* Reflects beneficial ownership as of March 16, 2016 and takes into account the reverse stock split of the Common Stock, at a ratio of one-for-twelve, that became effective on December 31, 2015.
* Reflects beneficial ownership as of March 16, 2016 and takes into account the reverse stock split of the Common Stock, at a ratio of one-for-twelve, that became effective on December 31, 2015.
* Reflects beneficial ownership as of March 16, 2016 and takes into account the reverse stock split of the Common Stock, at a ratio of one-for-twelve, that became effective on December 31, 2015.
* Reflects beneficial ownership as of March 16, 2016 and takes into account the reverse stock split of the Common Stock, at a ratio of one-for-twelve, that became effective on December 31, 2015.

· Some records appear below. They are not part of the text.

lemma subsum_half_powers_surj:
  fixes t :: real
  assumes "0 \<le> t" "t \<le> 1"
  shows "\<exists>T. subsum (\<lambda>k. (1/2) ^ Suc k) T = t"
proof -
  have "\<exists>T. (\<lambda>k. if k \<in> T then (1/2::real) ^ Suc k else 0) sums t"
  proof (cases "t = 1")
    case True
    then show ?thesis using power_half_series by (intro exI[of _ UNIV]) simp
  next
    case False
    with assms have floor_t: "\<lfloor>t\<rfloor> = 0" by (simp add: floor_eq_iff)
    \<comment> \<open>the binary digits of \<open>t\<close>: digit \<open>k + 1\<close> is the parity of \<open>\<lfloor>t 2\<^sup>k\<^sup>+\<^sup>1\<rfloor>\<close>\<close>
    define T where "T = {k. odd \<lfloor>t * 2 ^ Suc k\<rfloor>}"
    have "(\<lambda>n. \<lfloor>t * 2 ^ n\<rfloor> / 2 ^ n) \<longlonglongrightarrow> t"
    proof (rule real_tendsto_sandwich[where f="\<lambda>n. t - (1/2) ^ n" and h="\<lambda>n. t"])
      show "\<forall>\<^sub>F n in sequentially. t - (1/2) ^ n \<le> \<lfloor>t * 2 ^ n\<rfloor> / 2 ^ n"
      proof (intro always_eventually allI)
        fix n :: nat
        have "t * 2 ^ n - 1 \<le> \<lfloor>t * 2 ^ n\<rfloor>" by linarith
        then have "(t * 2 ^ n - 1) / 2 ^ n \<le> \<lfloor>t * 2 ^ n\<rfloor> / 2 ^ n"
          by (simp add: divide_right_mono)
        then show "t - (1/2) ^ n \<le> \<lfloor>t * 2 ^ n\<rfloor> / 2 ^ n"
          by (simp add: field_simps power_divide)
      qed
      show "\<forall>\<^sub>F n in sequentially. \<lfloor>t * 2 ^ n\<rfloor> / 2 ^ n \<le> t"
      proof (intro always_eventually allI)
        fix n :: nat
        have "\<lfloor>t * 2 ^ n\<rfloor> \<le> t * 2 ^ n" by linarith
        then show "\<lfloor>t * 2 ^ n\<rfloor> / 2 ^ n \<le> t" by (simp add: field_simps)
      qed
      have "(\<lambda>n. t - (1/2::real) ^ n) \<longlonglongrightarrow> t - 0"
        by (intro tendsto_intros) simp
      then show "(\<lambda>n. t - (1/2::real) ^ n) \<longlonglongrightarrow> t" by simp
    qed simp
    then have "(\<lambda>n. \<Sum>k<n. if k \<in> T then (1/2::real) ^ Suc k else 0) \<longlonglongrightarrow> t"
      unfolding T_def using sum_binary_digits[of t] floor_t by simp
    then show ?thesis unfolding sums_def by blast
  qed
  then show ?thesis unfolding subsum_def using sums_unique by metis
qed

lemma subsum_half_powers_bounds:
  "0 \<le> subsum (\<lambda>k. (1/2::real) ^ Suc k) T \<and> subsum (\<lambda>k. (1/2::real) ^ Suc k) T \<le> 1"
proof -
  have "summable (\<lambda>k. (1/2::real) ^ Suc k)"
    using power_half_series sums_summable by blast
  then have "summable (\<lambda>k. if k \<in> T then (1/2::real) ^ Suc k else 0)"
    by (rule summable_comparison_test[rotated]) auto
  moreover from this have "suminf (\<lambda>k. if k \<in> T then (1/2::real) ^ Suc k else 0) \<le> 1"
    by (intro sums_le[OF _ summable_sums power_half_series]) auto
  ultimately show ?thesis unfolding subsum_def by (auto intro: suminf_nonneg)
qed

lemma range_subsum_half_powers: "range (subsum (\<lambda>k. (1/2::real) ^ Suc k)) = {0..1}"
proof
  show "range (subsum (\<lambda>k. (1/2::real) ^ Suc k)) \<subseteq> {0..1}"
    using subsum_half_powers_bounds by auto
  show "{0..1} \<subseteq> range (subsum (\<lambda>k. (1/2::real) ^ Suc k))"
    using subsum_half_powers_surj by (metis atLeastAtMost_iff rangeI subsetI)
qed

lemma subsum_image_Pow_enumerate:
  assumes "infinite C" "\<And>k. x (enumerate C k) = (1/2) ^ Suc k"
  shows "subsum x ` Pow C = {0..1}"
proof -
  have range_C: "range (enumerate C) = C"
    using range_enumerate[OF assms(1)] .
  have "Pow C = (\<lambda>T. enumerate C ` T) ` UNIV"
  proof
    show "Pow C \<subseteq> (\<lambda>T. enumerate C ` T) ` UNIV"
    proof
      fix S assume "S \<in> Pow C"
      then have "S = enumerate C ` (enumerate C -` S)"
        by (auto simp: image_vimage_eq range_C)
      then show "S \<in> (\<lambda>T. enumerate C ` T) ` UNIV" by (rule image_eqI) simp
    qed
    show "(\<lambda>T. enumerate C ` T) ` UNIV \<subseteq> Pow C"
      using range_C by auto
  qed
  then have "subsum x ` Pow C = (\<lambda>T. subsum x (enumerate C ` T)) ` UNIV"
    by (simp add: image_image)
  also have "\<dots> = range (subsum (x \<circ> enumerate C))"
    by (simp only: subsum_strict_mono_image[OF strict_mono_enumerate[OF assms(1)]])
  also have "x \<circ> enumerate C = (\<lambda>k. (1/2) ^ Suc k)"
    using assms(2) by (simp add: fun_eq_iff)
  finally show ?thesis
    using range_subsum_half_powers by simp
qed

lemma subsum_shift_mem_A_I:
  fixes x :: "nat \<Rightarrow> real"
  assumes I: "is_ideal I" "Fin \<subseteq> I" and "C \<in> I"
    and sx: "summable (\<lambda>n. \<bar>x n\<bar>)" and fill: "subsum x ` Pow C = {0..1}"
    and D: "D \<in> I" "D \<inter> C = {}" and F: "finite F" "F \<inter> (C \<union> D) = {}"
    and t: "0 \<le> t" "t \<le> 1"
  shows "subsum x D + t + subsum x F \<in> A_I I x"
proof -
  from t fill obtain S where S: "S \<subseteq> C" "subsum x S = t"
    by (metis PowD atLeastAtMost_iff imageE)
  have "F \<in> I" using F(1) I(2) unfolding Fin_def by blast
  moreover have "S \<in> I" using ideal_subset[OF I(1) \<open>C \<in> I\<close> S(1)] .
  ultimately have "D \<union> S \<union> F \<in> I" using D(1) ideal_Un[OF I(1)] by blast
  moreover have "subsum x (D \<union> S \<union> F) = subsum x D + t + subsum x F"
  proof -
    have "subsum x (D \<union> S \<union> F) = subsum x (D \<union> S) + subsum x F"
      using F(2) S(1) by (intro subsum_Un[OF sx]) auto
    also have "subsum x (D \<union> S) = subsum x D + t"
      using D(2) S by (subst subsum_Un[OF sx]) auto
    finally show ?thesis .
  qed
  ultimately show ?thesis unfolding A_I_def by force
qed

lemma ball_subset_shifted_unit_intervals:
  fixes v u p q :: real
  assumes u: "0 \<le> u" "u \<le> 1" and p: "0 < p" "p \<le> 1" and q: "-1 \<le> q" "q < 0"
    and S: "\<And>t. 0 \<le> t \<Longrightarrow> t \<le> 1 \<Longrightarrow> v + t \<in> S \<and> v + t + p \<in> S \<and> v + t + q \<in> S"
  shows "ball (v + u) (min p (- q)) \<subseteq> S"
proof
  fix y assume "y \<in> ball (v + u) (min p (- q))"
  then have y: "\<bar>y - (v + u)\<bar> < min p (- q)" by (simp add: dist_real_def abs_minus_commute)
  consider "0 \<le> y - v" "y - v \<le> 1" | "1 < y - v" | "y - v < 0" by linarith
  then show "y \<in> S"
  proof cases
    case 1
    then show ?thesis using S[of "y - v"] by simp
  next
    case 2
    then show ?thesis using S[of "y - v - p"] y u p by auto
  next
    case 3
    then show ?thesis using S[of "y - v - q"] y u q by auto
  qed
qed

This Amendment No. 7 to Schedule 13D, dated March 16, 2016 (this “Amendment No. 7”), amends the Schedule 13D originally filed on June 10, 2015 (the “Original 13D”) by Monarch Debt Recovery Master Fund Ltd (“MDRF”), Monarch Alternative Capital LP (“Monarch”), MDRA GP LP (“MDRA GP”) and Monarch GP LLC (“Monarch GP”), as amended by Amendment No. 1 to Schedule 13D filed on June 30, 2015, Amendment No. 2 to Schedule 13D filed on July 30, 2015, Amendment No. 3 to Schedule 13D filed on August 18, 2015, Amendment No. 4 to Schedule 13D filed on October 28, 2015, Amendment No. 5 to Schedule 13D filed on December 23, 2015 and Amendment No.6 to Schedule 13D filed on January 11, 2016 (the Original 13D, as amended by such Amendment No. 1, Amendment No. 2, Amendment No. 3, Amendment No. 4, Amendment No. 5, Amendment No. 6 and this Amendment No. 7, the “Schedule 13D”). This Amendment No. 7 is being filed on behalf of MDRF, Monarch, MDRA GP and Monarch GP (collectively, the “Reporting Persons”) and relates to the common stock, par value $0.01 per share (the “Common Stock”), of Scorpio Bulkers Inc., a Marshall Islands corporation (the “Company”).

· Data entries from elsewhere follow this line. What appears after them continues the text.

(* In the multi-parameter setting described in the context, for every Kraus representation $\{E_k(\theta)\}$ of the channel, $H(\theta)\le C_E(\theta)$ as $m\times m$ real symmetric matrices, where $C_E(\theta)_{jk}=4\sum_l\mathrm{Re}\,\mathrm{tr}\{E_l^{(j)}(\theta)\rho_0E_l^{(k)}(\theta)^\dagger\}$.
   Context: A multi-parameter quantum channel on density matrices on $\mathbb{C}^d$ is $\rho_0\mapsto\sum_kE_k(\theta)\rho_0E_k(\theta)^\dagger$ with $\theta=(\theta^1,\dots,\theta^m)\in\mathbb{R}^m$, Kraus operators differentiable in $\theta$, $\sum_kE_k^\dagger E_k=I$; a channel may have many Kraus representations. The input is a fixed pure state $\rho_0=|\psi_0\rangle\langle\psi_0|$ with output $\rho_{out}(\theta)$. Write $X^{(j)}=\partial X/\partial\theta^j$. The SLD quantum information matrix is $H(\theta)_{jk}=\mathrm{Re}\,\mathrm{tr}\{\lambda^{(j)}\rho_{out}\lambda^{(k)}\}$, with $\lambda^{(j)}$ a self-adjoint solution of $\partial\rho_{out}/\partial\theta^j=\frac12(\rho_{out}\lambda^{(j)}+\lambda^{(j)}\rho_{out})$. *)

theory Defs
  imports "HOL-Analysis.Analysis"
begin

definition cadj :: "complex^'d^'d \<Rightarrow> complex^'d^'d" where
  "cadj A = (\<chi> i j. cnj (A $ j $ i))"

definition ketbra :: "complex^'d \<Rightarrow> complex^'d^'d" where
  "ketbra psi = (\<chi> i j. psi $ i * cnj (psi $ j))"

definition pd :: "(real^'m \<Rightarrow> 'a::real_normed_vector) \<Rightarrow> real^'m \<Rightarrow> 'm \<Rightarrow> 'a" where
  "pd f \<theta> j = vector_derivative (\<lambda>t. f (\<theta> + t *\<^sub>R axis j 1)) (at 0)"

definition chan_out :: "('k::finite \<Rightarrow> real^'m \<Rightarrow> complex^'d^'d) \<Rightarrow> complex^'d^'d \<Rightarrow> real^'m \<Rightarrow> complex^'d^'d" where
  "chan_out E \<rho>0 \<theta> = (\<Sum>k\<in>UNIV. E k \<theta> ** \<rho>0 ** cadj (E k \<theta>))"

definition is_SLD :: "(real^'m \<Rightarrow> complex^'d^'d) \<Rightarrow> real^'m \<Rightarrow> 'm \<Rightarrow> complex^'d^'d \<Rightarrow> bool" where
  "is_SLD \<rho> \<theta> j lam \<longleftrightarrow> cadj lam = lam \<and>
     pd \<rho> \<theta> j = (1/2 :: real) *\<^sub>R (\<rho> \<theta> ** lam + lam ** \<rho> \<theta>)"

definition SLD_info :: "complex^'d^'d \<Rightarrow> ('m \<Rightarrow> complex^'d^'d) \<Rightarrow> real^'m^'m" where
  "SLD_info \<rho> lam = (\<chi> j k. Re (trace (lam j ** \<rho> ** lam k)))"

definition C_E :: "('k::finite \<Rightarrow> real^'m \<Rightarrow> complex^'d^'d) \<Rightarrow> complex^'d^'d \<Rightarrow> real^'m \<Rightarrow> real^'m^'m" where
  "C_E E \<rho>0 \<theta> = (\<chi> j k. 4 * (\<Sum>l\<in>UNIV. Re (trace (pd (E l) \<theta> j ** \<rho>0 ** cadj (pd (E l) \<theta> k)))))"

definition loewner_le :: "real^'m^'m \<Rightarrow> real^'m^'m \<Rightarrow> bool" where
  "loewner_le A B \<longleftrightarrow> (\<forall>v. v \<bullet> (A *v v) \<le> v \<bullet> (B *v v))"

end

theory Submission
  imports Defs
begin

text \<open>Fix a direction v and put Lambda = (\<Sum>j. v$j lam j), w l = Lambda (E l \<psi>0) and
  a l = (\<Sum>j. v$j pd (E l) \<theta> j) \<psi>0. Then v \<bullet> (H v) = (\<Sum>l. w l \<bullet> w l) and
  v \<bullet> (C_E v) = 4 (\<Sum>l. a l \<bullet> a l), where \<bullet> is the real inner product Re \<langle>x, y\<rangle> that
  HOL-Analysis puts on complex^'d. Differentiating rho = (\<Sum>l. E l rho0 (E l)\<dagger> ) along v and
  pairing with Lambda computes Re tr (D_v rho Lambda) twice: by the SLD equation it is
  (\<Sum>l. w l \<bullet> w l), by the product rule it is 2 (\<Sum>l. a l \<bullet> w l). Expanding
  0 \<le> (\<Sum>l. \<parallel>2 a l - w l\<parallel>^2) then gives (\<Sum>l. w l \<bullet> w l) \<le> 4 (\<Sum>l. a l \<bullet> a l).\<close>

lemma inner_complex_eq_Re_mult_cnj: "x \<bullet> y = Re (x * cnj y)"
  by (simp add: inner_complex_def)

lemma cadj_mult: "cadj (A ** B) = cadj B ** cadj A"
  by (simp add: cadj_def matrix_matrix_mult_def vec_eq_iff mult.commute)

lemma cadj_add: "cadj (A + B) = cadj A + cadj B"
  by (simp add: cadj_def vec_eq_iff)

lemma cadj_scaleR: "cadj (r *\<^sub>R A) = r *\<^sub>R cadj A"
  by (simp add: cadj_def vec_eq_iff)

lemma Re_trace_ketbra: "Re (trace (X ** ketbra \<psi> ** cadj Y)) = (X *v \<psi>) \<bullet> (Y *v \<psi>)"
proof -
  have "(X ** ketbra \<psi>) $ i $ c = (X *v \<psi>)$i * cnj (\<psi>$c)" for i c
    by (simp add: matrix_matrix_mult_def ketbra_def matrix_vector_mult_def sum_distrib_left
        sum_distrib_right mult_ac)
  then have "(X ** ketbra \<psi> ** cadj Y) $ i $ i = (X *v \<psi>)$i * cnj ((Y *v \<psi>)$i)" for i
    by (simp add: matrix_matrix_mult_def[of "X ** ketbra \<psi>"] cadj_def matrix_vector_mult_def
        sum_distrib_left mult_ac)
  then show ?thesis
    by (simp add: trace_def inner_vec_def inner_complex_eq_Re_mult_cnj)
qed

lemma matrix_add_rdistrib: "(B + C) ** A = B ** A + C ** A"
  by (vector matrix_matrix_mult_def sum.distrib[symmetric] field_simps)

lemma matrix_mult_sum_left: "(\<Sum>i\<in>S. f i) ** B = (\<Sum>i\<in>S. f i ** B)"
  by (induct S rule: infinite_finite_induct) (auto simp: matrix_add_rdistrib)

lemma matrix_mult_sum_right: "B ** (\<Sum>i\<in>S. f i) = (\<Sum>i\<in>S. B ** f i)"
  by (induct S rule: infinite_finite_induct) (auto simp: matrix_add_ldistrib)

lemma trace_sum: "trace (\<Sum>i\<in>S. f i) = (\<Sum>i\<in>S. trace (f i :: 'a::comm_semiring_1^'n^'n))"
  by (induct S rule: infinite_finite_induct) (simp_all add: trace_add trace_0[unfolded mat_0])

lemma trace_scaleR: "trace (r *\<^sub>R A) = r *\<^sub>R trace (A :: 'a::real_algebra_1^'n^'n)"
  by (simp add: trace_def scaleR_sum_right)

lemma trace_mult_cycle:
  "trace (A ** B ** C) = trace (C ** A ** (B :: 'a::comm_semiring_1^'n^'m))"
  by (simp only: trace_mul_sym[of "A ** B" C] matrix_mul_assoc)

lemma Re_trace_chan_out:
  "Re (trace (X ** chan_out E (ketbra \<psi>) \<theta> ** cadj Y))
     = (\<Sum>l\<in>UNIV. (X *v (E l \<theta> *v \<psi>)) \<bullet> (Y *v (E l \<theta> *v \<psi>)))"
proof -
  have "X ** chan_out E (ketbra \<psi>) \<theta> ** cadj Y
      = (\<Sum>l\<in>UNIV. (X ** E l \<theta>) ** ketbra \<psi> ** cadj (Y ** E l \<theta>))"
    by (simp add: chan_out_def matrix_mult_sum_left matrix_mult_sum_right cadj_mult
        matrix_mul_assoc)
  then show ?thesis
    by (simp add: trace_sum Re_trace_ketbra matrix_vector_mul_assoc)
qed

lemma quadratic_form_sum_inner:
  fixes f g :: "'l \<Rightarrow> 'm::finite \<Rightarrow> 'a::real_inner" and v :: "real^'m"
  shows "v \<bullet> ((\<chi> j k. \<Sum>l\<in>L. f l j \<bullet> g l k) *v v)
       = (\<Sum>l\<in>L. (\<Sum>j\<in>UNIV. v$j *\<^sub>R f l j) \<bullet> (\<Sum>k\<in>UNIV. v$k *\<^sub>R g l k))"
proof -
  have "v \<bullet> ((\<chi> j k. \<Sum>l\<in>L. f l j \<bullet> g l k) *v v)
      = (\<Sum>j\<in>UNIV. \<Sum>k\<in>UNIV. \<Sum>l\<in>L. v$j * v$k * (f l j \<bullet> g l k))"
    by (simp add: inner_vec_def matrix_vector_mult_def sum_distrib_left mult_ac)
  also have "\<dots> = (\<Sum>k\<in>UNIV. \<Sum>j\<in>UNIV. \<Sum>l\<in>L. v$j * v$k * (f l j \<bullet> g l k))"
    by (rule sum.swap)
  also have "\<dots> = (\<Sum>k\<in>UNIV. \<Sum>l\<in>L. \<Sum>j\<in>UNIV. v$j * v$k * (f l j \<bullet> g l k))"
    by (intro sum.cong refl sum.swap)
  also have "\<dots> = (\<Sum>l\<in>L. \<Sum>k\<in>UNIV. \<Sum>j\<in>UNIV. v$j * v$k * (f l j \<bullet> g l k))"
    by (rule sum.swap)
  also have "\<dots> = (\<Sum>l\<in>L. (\<Sum>j\<in>UNIV. v$j *\<^sub>R f l j) \<bullet> (\<Sum>k\<in>UNIV. v$k *\<^sub>R g l k))"
    by (simp add: inner_sum_left inner_sum_right sum_distrib_left mult_ac)
  finally show ?thesis .
qed

lemma sum_inner_self_le_of_eq_twice:
  fixes w a :: "'l \<Rightarrow> 'a::real_inner"
  assumes "(\<Sum>l\<in>L. w l \<bullet> w l) = 2 * (\<Sum>l\<in>L. a l \<bullet> w l)"
  shows "(\<Sum>l\<in>L. w l \<bullet> w l) \<le> 4 * (\<Sum>l\<in>L. a l \<bullet> a l)"
proof -
  have square: "(2 *\<^sub>R a l - w l) \<bullet> (2 *\<^sub>R a l - w l)
      = 4 * (a l \<bullet> a l) - 4 * (a l \<bullet> w l) + w l \<bullet> w l" for l
    by (simp add: inner_diff_left inner_diff_right inner_commute[of "w l" "a l"])
  have "0 \<le> (\<Sum>l\<in>L. (2 *\<^sub>R a l - w l) \<bullet> (2 *\<^sub>R a l - w l))"
    by (simp add: sum_nonneg)
  also have "\<dots> = 4 * (\<Sum>l\<in>L. a l \<bullet> a l) - 4 * (\<Sum>l\<in>L. a l \<bullet> w l) + (\<Sum>l\<in>L. w l \<bullet> w l)"
    by (simp only: square sum.distrib sum_subtractf sum_distrib_left)
  finally show ?thesis using assms by linarith
qed

lemma matrix_mult_scaleR_right: "A ** (k *\<^sub>R B) = k *\<^sub>R (A ** B :: 'a::real_algebra_1^'n^'m)"
  by (simp add: matrix_scalar_ac scalar_matrix_assoc)

lemma bounded_bilinear_matrix_mult:
  "bounded_bilinear ((**) :: complex^'n^'n \<Rightarrow> complex^'n^'n \<Rightarrow> complex^'n^'n)"
  unfolding bilinear_conv_bounded_bilinear[symmetric] bilinear_def
  by (simp add: linearI matrix_add_rdistrib matrix_add_ldistrib
      scalar_matrix_assoc[symmetric] matrix_mult_scaleR_right)

lemma bounded_linear_cadj: "bounded_linear cadj"
  unfolding linear_conv_bounded_linear[symmetric]
  by (simp add: linearI cadj_add cadj_scaleR)

lemma has_vector_derivative_pd:
  assumes "f differentiable (at \<theta>)"
  shows "((\<lambda>t. f (\<theta> + t *\<^sub>R axis j 1)) has_vector_derivative pd f \<theta> j) (at 0)"
proof -
  have "((\<lambda>t::real. \<theta> + t *\<^sub>R axis j 1) has_vector_derivative axis j 1) (at 0)"
    by (auto intro!: derivative_eq_intros)
  then have "(f \<circ> (\<lambda>t::real. \<theta> + t *\<^sub>R axis j 1)) differentiable (at 0)"
    by (rule differentiable_chain_at[OF differentiableI_vector]) (simp add: assms)
  then show ?thesis
    unfolding pd_def vector_derivative_works[symmetric] by (simp add: o_def)
qed

lemma pd_chan_out:
  assumes "\<And>k. E k differentiable (at \<theta>)"
  shows "pd (chan_out E K) \<theta> j
    = (\<Sum>k\<in>UNIV. E k \<theta> ** K ** cadj (pd (E k) \<theta> j) + pd (E k) \<theta> j ** K ** cadj (E k \<theta>))"
proof -
  note E' = has_vector_derivative_pd[OF assms, of _ j]
  note mult = bounded_bilinear.has_vector_derivative[OF bounded_bilinear_matrix_mult]
  have "((\<lambda>t. E k (\<theta> + t *\<^sub>R axis j 1) ** K ** cadj (E k (\<theta> + t *\<^sub>R axis j 1)))
      has_vector_derivative
        E k \<theta> ** K ** cadj (pd (E k) \<theta> j) + pd (E k) \<theta> j ** K ** cadj (E k \<theta>)) (at 0)"
    for k
    using mult[OF mult[OF E' has_vector_derivative_const]
        bounded_linear.has_vector_derivative[OF bounded_linear_cadj E']]
    by simp
  then have "((\<lambda>t. chan_out E K (\<theta> + t *\<^sub>R axis j 1)) has_vector_derivative
      (\<Sum>k\<in>UNIV. E k \<theta> ** K ** cadj (pd (E k) \<theta> j) + pd (E k) \<theta> j ** K ** cadj (E k \<theta>)))
      (at 0)"
    unfolding chan_out_def by (rule has_vector_derivative_sum)
  then show ?thesis
    unfolding pd_def by (rule vector_derivative_at)
qed

lemma Re_trace_pd_chan_out:
  assumes "\<And>k. E k differentiable (at \<theta>)" and "cadj M = M"
  shows "Re (trace (pd (chan_out E (ketbra \<psi>)) \<theta> j ** M))
    = 2 * (\<Sum>l\<in>UNIV. (pd (E l) \<theta> j *v \<psi>) \<bullet> (M *v (E l \<theta> *v \<psi>)))"
proof -
  let ?K = "ketbra \<psi>"
  have "trace (E l \<theta> ** ?K ** cadj (pd (E l) \<theta> j) ** M)
      = trace ((M ** E l \<theta>) ** ?K ** cadj (pd (E l) \<theta> j))" for l
    by (metis trace_mul_sym matrix_mul_assoc)
  moreover have "pd (E l) \<theta> j ** ?K ** cadj (E l \<theta>) ** M
      = pd (E l) \<theta> j ** ?K ** cadj (M ** E l \<theta>)" for l
    by (simp add: cadj_mult assms(2) matrix_mul_assoc)
  ultimately have "trace (pd (chan_out E ?K) \<theta> j ** M) = (\<Sum>l\<in>UNIV.
      trace ((M ** E l \<theta>) ** ?K ** cadj (pd (E l) \<theta> j))
      + trace (pd (E l) \<theta> j ** ?K ** cadj (M ** E l \<theta>)))"
    by (simp add: pd_chan_out[OF assms(1)] matrix_mult_sum_left matrix_add_rdistrib
        trace_sum trace_add)
  then show ?thesis
    by (simp only: Re_trace_ketbra plus_complex.sel(1) Re_sum sum.distrib
        matrix_vector_mul_assoc[symmetric] inner_commute[of "M *v _"] mult_2)
qed

lemma Re_trace_SLD_chan_out:
  assumes "is_SLD (chan_out E (ketbra \<psi>)) \<theta> j lam" and "cadj M = M"
  shows "Re (trace (pd (chan_out E (ketbra \<psi>)) \<theta> j ** M))
    = (\<Sum>l\<in>UNIV. (lam *v (E l \<theta> *v \<psi>)) \<bullet> (M *v (E l \<theta> *v \<psi>)))"
proof -
  let ?\<rho> = "chan_out E (ketbra \<psi>) \<theta>"
  have lam: "cadj lam = lam"
    using assms(1) by (simp add: is_SLD_def)
  have "trace (pd (chan_out E (ketbra \<psi>)) \<theta> j ** M)
      = (1/2::real) *\<^sub>R (trace (M ** ?\<rho> ** cadj lam) + trace (lam ** ?\<rho> ** cadj M))"
    using assms(1)
    by (simp add: is_SLD_def scalar_matrix_assoc[symmetric] matrix_add_rdistrib trace_add
        trace_scaleR lam assms(2) trace_mult_cycle[of ?\<rho>])
  then show ?thesis
    by (simp add: Re_trace_chan_out inner_commute[of "M *v _"])
qed

theorem lemma12:
  fixes E :: "'k::finite \<Rightarrow> real^'m \<Rightarrow> complex^'d^'d"
    and \<psi>0 :: "complex^'d"
    and \<theta> :: "real^'m"
    and lam :: "'m \<Rightarrow> complex^'d^'d"
  assumes diff: "\<And>k \<theta>'. E k differentiable (at \<theta>')"
    and kraus: "\<And>\<theta>'. (\<Sum>k\<in>UNIV. cadj (E k \<theta>') ** E k \<theta>') = mat 1"
    and norm: "norm \<psi>0 = 1"
    and sld: "\<And>j. is_SLD (chan_out E (ketbra \<psi>0)) \<theta> j (lam j)"
  shows "loewner_le (SLD_info (chan_out E (ketbra \<psi>0) \<theta>) lam) (C_E E (ketbra \<psi>0) \<theta>)"
proof -
  define u where "u l = E l \<theta> *v \<psi>0" for l
  define y where "y l j = lam j *v u l" for l j
  define p where "p l j = pd (E l) \<theta> j *v \<psi>0" for l j
  have herm: "cadj (lam j) = lam j" for j
    using sld[of j] by (simp add: is_SLD_def)
  have "Re (trace (lam j ** chan_out E (ketbra \<psi>0) \<theta> ** lam k))
      = (\<Sum>l\<in>UNIV. y l j \<bullet> y l k)" for j k
    using Re_trace_chan_out[of "lam j" E \<psi>0 \<theta> "lam k"] by (simp add: herm y_def u_def)
  then have H: "SLD_info (chan_out E (ketbra \<psi>0) \<theta>) lam
      = (\<chi> j k. \<Sum>l\<in>UNIV. y l j \<bullet> y l k)"
    by (simp add: SLD_info_def)
  have C: "C_E E (ketbra \<psi>0) \<theta> = 4 *\<^sub>R (\<chi> j k. \<Sum>l\<in>UNIV. p l j \<bullet> p l k)"
    by (simp add: C_E_def Re_trace_ketbra p_def vec_eq_iff)
  have "(\<Sum>l\<in>UNIV. y l j \<bullet> y l k)
      = Re (trace (pd (chan_out E (ketbra \<psi>0)) \<theta> j ** lam k))" for j k
    using Re_trace_SLD_chan_out[OF sld[of j] herm[of k]] by (simp add: y_def u_def)
  also have "\<dots> j k = 2 * (\<Sum>l\<in>UNIV. p l j \<bullet> y l k)" for j k
    using Re_trace_pd_chan_out[where E = E and M = "lam k", OF diff herm[of k]]
    by (simp add: y_def u_def p_def)
  finally have "(\<Sum>l\<in>UNIV. y l j \<bullet> y l k) = 2 * (\<Sum>l\<in>UNIV. p l j \<bullet> y l k)" for j k .
  then have gram: "(\<chi> j k. \<Sum>l\<in>UNIV. y l j \<bullet> y l k)
      = 2 *\<^sub>R (\<chi> j k. \<Sum>l\<in>UNIV. p l j \<bullet> y l k)"
    by (simp add: vec_eq_iff)
  show ?thesis
    unfolding loewner_le_def
  proof
    fix v :: "real^'m"
    define w where "w l = (\<Sum>j\<in>UNIV. v$j *\<^sub>R y l j)" for l
    define a where "a l = (\<Sum>j\<in>UNIV. v$j *\<^sub>R p l j)" for l
    have "(\<Sum>l\<in>UNIV. w l \<bullet> w l) = 2 * (\<Sum>l\<in>UNIV. a l \<bullet> w l)"
      using arg_cong[OF gram, of "\<lambda>M. v \<bullet> (M *v v)"]
      by (simp add: scaleR_matrix_vector_assoc[symmetric] quadratic_form_sum_inner a_def w_def)
    then have "(\<Sum>l\<in>UNIV. w l \<bullet> w l) \<le> 4 * (\<Sum>l\<in>UNIV. a l \<bullet> a l)"
      by (rule sum_inner_self_le_of_eq_twice)
    then show "v \<bullet> (SLD_info (chan_out E (ketbra \<psi>0) \<theta>) lam *v v)
        \<le> v \<bullet> (C_E E (ketbra \<psi>0) \<theta> *v v)"
      by (simp add: H C scaleR_matrix_vector_assoc[symmetric] quadratic_form_sum_inner a_def w_def)
  qed
qed

end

Monarch is the investment advisor to a variety of funds, including MDRF (any such funds, as applicable, collectively, the “Funds”). This Amendment No. 7 is being filed to reflect transactions in Common Stock since the filing of Amendment No. 6.
Item 5. Interest in Securities of the Issuer
Items 5(a) and 5(b) are hereby amended and restated in their entirety to read as follows:
(a) Each of Monarch, MDRA GP and Monarch GP indirectly beneficially owns 2,996,271 shares of Common Stock (which includes shares of Common Stock beneficially owned by MDRF), representing 10.44% of the 28,713,505 shares of Common Stock outstanding. MDRF beneficially owns an aggregate of 1,775,039 shares of Common Stock, representing 6.18% of the 28,713,505 shares of Common Stock outstanding. The percentages used herein and in the rest of this Amendment No. 7 are calculated based upon the 28,713,505 shares of Common Stock reported in Exhibit 99.1 to the Company’s Form 6-K, dated March 11, 2016, as outstanding as of March 10, 2016. None of the other individual Funds owns a number of shares of Common Stock representing more than 5% of the outstanding shares of Common Stock.
(b) Monarch, MDRA GP and Monarch GP share voting and dispositive power over 2,996,271 shares of Common Stock held directly by the Funds, including the 1,775,039 shares of Common Stock held directly by MDRF, with each Fund directly holding the shares beneficially owned by such entity.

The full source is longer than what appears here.